Should any entry seem unclear, still set it down exactly as given, along with all the others.

━━━ Records for this task ━━━

text \<open>
  The inclusion \<open>\<supseteq>\<close> is degree and rank bookkeeping: every entry of \<open>L R\<close> is a sum of
  products \<open>L\<^sub>t\<^sub>i R\<^sub>i\<^sub>j\<close> of degree at most \<open>deg L\<^sub>*\<^sub>i + deg R\<^sub>i\<^sub>*\<close>, and
  \<open>rank (L R) \<le> rank L \<le> r\<close> over \<open>\<bbbF>(\<lambda>)\<close>.

  For \<open>\<subseteq>\<close>, replace the columns of \<open>A\<close> by a column reduced family generating the same
  \<open>\<bbbF>[\<lambda>]\<close>-module, i.e. one whose leading coefficient vectors are \<open>\<bbbF>\<close>-linearly independent.
  It is obtained by repeatedly cancelling a dependency among the leading coefficient vectors,
  which lowers the total degree. A column reduced family \<open>h\<^sub>i\<close> has the predictable degree
  property \<open>deg (\<Sum> c\<^sub>i h\<^sub>i) = max (deg c\<^sub>i + deg h\<^sub>i)\<close>. Hence writing column \<open>j\<close> of \<open>A\<close> as
  \<open>\<Sum> c\<^sub>j\<^sub>i h\<^sub>i\<close> gives \<open>deg c\<^sub>j\<^sub>i + deg h\<^sub>i \<le> d\<close>, and the generators that occur are
  \<open>\<bbbF>[\<lambda>]\<close>-independent, so there are at most \<open>rank A \<le> r\<close> of them. They form \<open>L\<close> and the
  coefficients form \<open>R\<close>.
\<close>

lemma coeff_mult_degree_add:
  fixes p q :: "'a::idom poly"
  assumes "degree q \<le> e"
  shows "coeff (p * q) (degree p + e) = lead_coeff p * coeff q e"
proof (cases "degree q = e")
  case True
  then show ?thesis using coeff_mult_degree_sum by metis
next
  case False
  with assms have "degree (p * q) < degree p + e" "degree q < e"
    using degree_mult_le[of p q] by linarith+
  then show ?thesis by (simp add: coeff_eq_0)
qed

section \<open>Column reduced families of polynomial vectors\<close>

text \<open>A column vector of length \<open>m\<close> is a function \<open>nat \<Rightarrow> 'a poly\<close> of which only the entries
  below \<open>m\<close> matter; families of vectors are indexed by finite sets. The zero vector has
  \<open>vec_degree\<close> 0 rather than \<open>-\<infinity>\<close>; \<open>vec_weight\<close> separates it from the constant vectors.\<close>

definition nonzero_on :: "nat \<Rightarrow> (nat \<Rightarrow> 'a::zero poly) \<Rightarrow> bool" where
  "nonzero_on m v \<longleftrightarrow> (\<exists>t<m. v t \<noteq> 0)"

definition vec_degree :: "nat \<Rightarrow> (nat \<Rightarrow> 'a::zero poly) \<Rightarrow> nat" where
  "vec_degree m v = Max (insert 0 ((\<lambda>t. degree (v t)) ` {..<m}))"

definition lead_coeff_vec :: "nat \<Rightarrow> (nat \<Rightarrow> 'a::zero poly) \<Rightarrow> nat \<Rightarrow> 'a" where
  "lead_coeff_vec m v t = coeff (v t) (vec_degree m v)"

definition vec_weight :: "nat \<Rightarrow> (nat \<Rightarrow> 'a::zero poly) \<Rightarrow> nat" where
  "vec_weight m v = (if nonzero_on m v then Suc (vec_degree m v) else 0)"

definition poly_lincomb ::
  "'i set \<Rightarrow> ('i \<Rightarrow> 'a::comm_semiring_0 poly) \<Rightarrow> ('i \<Rightarrow> nat \<Rightarrow> 'a poly) \<Rightarrow> nat \<Rightarrow> 'a poly" where
  "poly_lincomb I c f t = (\<Sum>i\<in>I. c i * f i t)"

definition poly_span :: "'i set \<Rightarrow> ('i \<Rightarrow> nat \<Rightarrow> 'a::comm_semiring_0 poly) \<Rightarrow> (nat \<Rightarrow> 'a poly) set" where
  "poly_span I f = range (\<lambda>c. poly_lincomb I c f)"

definition column_reduced :: "nat \<Rightarrow> 'i set \<Rightarrow> ('i \<Rightarrow> nat \<Rightarrow> 'a::comm_semiring_0 poly) \<Rightarrow> bool" where
  "column_reduced m I f \<longleftrightarrow> (\<forall>a. (\<forall>t<m. (\<Sum>i\<in>I. a i * lead_coeff_vec m (f i) t) = 0) \<longrightarrow>
     (\<forall>i\<in>I. nonzero_on m (f i) \<longrightarrow> a i = 0))"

━━━

*Written solution*
text \<open>
  The inclusion \<open>\<supseteq>\<close> is degree and rank bookkeeping: every entry of \<open>L R\<close> is a sum of
  products \<open>L\<^sub>t\<^sub>i R\<^sub>i\<^sub>j\<close> of degree at most \<open>deg L\<^sub>*\<^sub>i + deg R\<^sub>i\<^sub>*\<close>, and
  \<open>rank (L R) \<le> rank L \<le> r\<close> over \<open>\<bbbF>(\<lambda>)\<close>.

  For \<open>\<subseteq>\<close>, replace the columns of \<open>A\<close> by a column reduced family generating the same
  \<open>\<bbbF>[\<lambda>]\<close>-module, i.e. one whose leading coefficient vectors are \<open>\<bbbF>\<close>-linearly independent.
  It is obtained by repeatedly cancelling a dependency among the leading coefficient vectors,
  which lowers the total degree. A column reduced family \<open>h\<^sub>i\<close> has the predictable degree
  property \<open>deg (\<Sum> c\<^sub>i h\<^sub>i) = max (deg c\<^sub>i + deg h\<^sub>i)\<close>. Hence writing column \<open>j\<close> of \<open>A\<close> as
  \<open>\<Sum> c\<^sub>j\<^sub>i h\<^sub>i\<close> gives \<open>deg c\<^sub>j\<^sub>i + deg h\<^sub>i \<le> d\<close>, and the generators that occur are
  \<open>\<bbbF>[\<lambda>]\<close>-independent, so there are at most \<open>rank A \<le> r\<close> of them. They form \<open>L\<close> and the
  coefficients form \<open>R\<close>.
\<close>

lemma coeff_mult_degree_add:
  fixes p q :: "'a::idom poly"
  assumes "degree q \<le> e"
  shows "coeff (p * q) (degree p + e) = lead_coeff p * coeff q e"
proof (cases "degree q = e")
  case True
  then show ?thesis using coeff_mult_degree_sum by metis
next
  case False
  with assms have "degree (p * q) < degree p + e" "degree q < e"
    using degree_mult_le[of p q] by linarith+
  then show ?thesis by (simp add: coeff_eq_0)
qed

section \<open>Column reduced families of polynomial vectors\<close>

text \<open>A column vector of length \<open>m\<close> is a function \<open>nat \<Rightarrow> 'a poly\<close> of which only the entries
  below \<open>m\<close> matter; families of vectors are indexed by finite sets. The zero vector has
  \<open>vec_degree\<close> 0 rather than \<open>-\<infinity>\<close>; \<open>vec_weight\<close> separates it from the constant vectors.\<close>

definition nonzero_on :: "nat \<Rightarrow> (nat \<Rightarrow> 'a::zero poly) \<Rightarrow> bool" where
  "nonzero_on m v \<longleftrightarrow> (\<exists>t<m. v t \<noteq> 0)"

definition vec_degree :: "nat \<Rightarrow> (nat \<Rightarrow> 'a::zero poly) \<Rightarrow> nat" where
  "vec_degree m v = Max (insert 0 ((\<lambda>t. degree (v t)) ` {..<m}))"

definition lead_coeff_vec :: "nat \<Rightarrow> (nat \<Rightarrow> 'a::zero poly) \<Rightarrow> nat \<Rightarrow> 'a" where
  "lead_coeff_vec m v t = coeff (v t) (vec_degree m v)"

definition vec_weight :: "nat \<Rightarrow> (nat \<Rightarrow> 'a::zero poly) \<Rightarrow> nat" where
  "vec_weight m v = (if nonzero_on m v then Suc (vec_degree m v) else 0)"

definition poly_lincomb ::
  "'i set \<Rightarrow> ('i \<Rightarrow> 'a::comm_semiring_0 poly) \<Rightarrow> ('i \<Rightarrow> nat \<Rightarrow> 'a poly) \<Rightarrow> nat \<Rightarrow> 'a poly" where
  "poly_lincomb I c f t = (\<Sum>i\<in>I. c i * f i t)"

definition poly_span :: "'i set \<Rightarrow> ('i \<Rightarrow> nat \<Rightarrow> 'a::comm_semiring_0 poly) \<Rightarrow> (nat \<Rightarrow> 'a poly) set" where
  "poly_span I f = range (\<lambda>c. poly_lincomb I c f)"

definition column_reduced :: "nat \<Rightarrow> 'i set \<Rightarrow> ('i \<Rightarrow> nat \<Rightarrow> 'a::comm_semiring_0 poly) \<Rightarrow> bool" where
  "column_reduced m I f \<longleftrightarrow> (\<forall>a. (\<forall>t<m. (\<Sum>i\<in>I. a i * lead_coeff_vec m (f i) t) = 0) \<longrightarrow>
     (\<forall>i\<in>I. nonzero_on m (f i) \<longrightarrow> a i = 0))"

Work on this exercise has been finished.